Exercise instructions »
Reproduce exactly the lines from the top of the records below through the line holding "proof (rule ccontr)".

- - -

lemma convex_set_rank_shift_inj:
  assumes cA: "convex_set A" and a1: "a1 \<in> A" "a1 + d \<in> A" and a2: "a2 \<in> A" "a2 + d \<in> A"
    and "0 < d"
    and same_step: "rank_in A (a1 + d) - rank_in A a1 = rank_in A (a2 + d) - rank_in A a2"
  shows "a1 = a2"
proof -
  have fin: "finite A" using cA by (simp add: convex_set_def)
  let ?L = "sorted_list_of_set A"
  define s where "s = rank_in A (a1 + d) - rank_in A a1"
  have s: "0 < s" and r1: "rank_in A (a1 + d) = rank_in A a1 + s"
    using rank_in_strict_mono[OF fin a1(1), of "a1 + d"] \<open>0 < d\<close> by (simp_all add: s_def)
  have r2: "rank_in A (a2 + d) = rank_in A a2 + s"
    using rank_in_strict_mono[OF fin a2(1), of "a2 + d"] \<open>0 < d\<close> same_step by (simp add: s_def)
  have gap: "?L ! (rank_in A a + s) - ?L ! rank_in A a = d"
    if "a \<in> A" "a + d \<in> A" "rank_in A (a + d) = rank_in A a + s" for a
    using that nth_sorted_list_of_set_rank_in[OF fin] by (metis add_diff_cancel_left')
  have bound: "rank_in A a + s < card A"
    if "a + d \<in> A" "rank_in A (a + d) = rank_in A a + s" for a
    using that rank_in_less_card[OF fin] by metis
  have "rank_in A a1 = rank_in A a2"
  proof (rule ccontr)
    assume "rank_in A a1 \<noteq> rank_in A a2"
    then consider "rank_in A a1 < rank_in A a2" | "rank_in A a2 < rank_in A a1" by linarith
    then show False
    proof cases
      case 1
      show False using convex_set_shifted_gaps_neq[OF cA 1 s bound[OF a2(2) r2]]
          gap[OF a1 r1] gap[OF a2 r2] by simp
    next
      case 2
      show False using convex_set_shifted_gaps_neq[OF cA 2 s bound[OF a1(2) r1]]
          gap[OF a1 r1] gap[OF a2 r2] by simp
    qed
  qed
  then show ?thesis using inj_on_rank_in[OF fin] a1(1) a2(1) by (meson inj_onD)
qed

definition reps :: "real set \<Rightarrow> real set \<Rightarrow> real \<Rightarrow> real set" where
  "reps A B x = {a \<in> A. x - a \<in> B}"

definition next_rep :: "real set \<Rightarrow> real set \<Rightarrow> real \<Rightarrow> real \<Rightarrow> real" where
  "next_rep A B x a = Min {a' \<in> reps A B x. a < a'}"

definition nonlast_reps :: "real set \<Rightarrow> real set \<Rightarrow> real \<Rightarrow> real set" where
  "nonlast_reps A B x = reps A B x - {Max (reps A B x)}"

- - -

Answer area »
lemma convex_set_rank_shift_inj:
  assumes cA: "convex_set A" and a1: "a1 \<in> A" "a1 + d \<in> A" and a2: "a2 \<in> A" "a2 + d \<in> A"
    and "0 < d"
    and same_step: "rank_in A (a1 + d) - rank_in A a1 = rank_in A (a2 + d) - rank_in A a2"
  shows "a1 = a2"
proof -
  have fin: "finite A" using cA by (simp add: convex_set_def)
  let ?L = "sorted_list_of_set A"
  define s where "s = rank_in A (a1 + d) - rank_in A a1"
  have s: "0 < s" and r1: "rank_in A (a1 + d) = rank_in A a1 + s"
    using rank_in_strict_mono[OF fin a1(1), of "a1 + d"] \<open>0 < d\<close> by (simp_all add: s_def)
  have r2: "rank_in A (a2 + d) = rank_in A a2 + s"
    using rank_in_strict_mono[OF fin a2(1), of "a2 + d"] \<open>0 < d\<close> same_step by (simp add: s_def)
  have gap: "?L ! (rank_in A a + s) - ?L ! rank_in A a = d"
    if "a \<in> A" "a + d \<in> A" "rank_in A (a + d) = rank_in A a + s" for a
    using that nth_sorted_list_of_set_rank_in[OF fin] by (metis add_diff_cancel_left')
  have bound: "rank_in A a + s < card A"
    if "a + d \<in> A" "rank_in A (a + d) = rank_in A a + s" for a
    using that rank_in_less_card[OF fin] by metis
  have "rank_in A a1 = rank_in A a2"
  proof (rule ccontr)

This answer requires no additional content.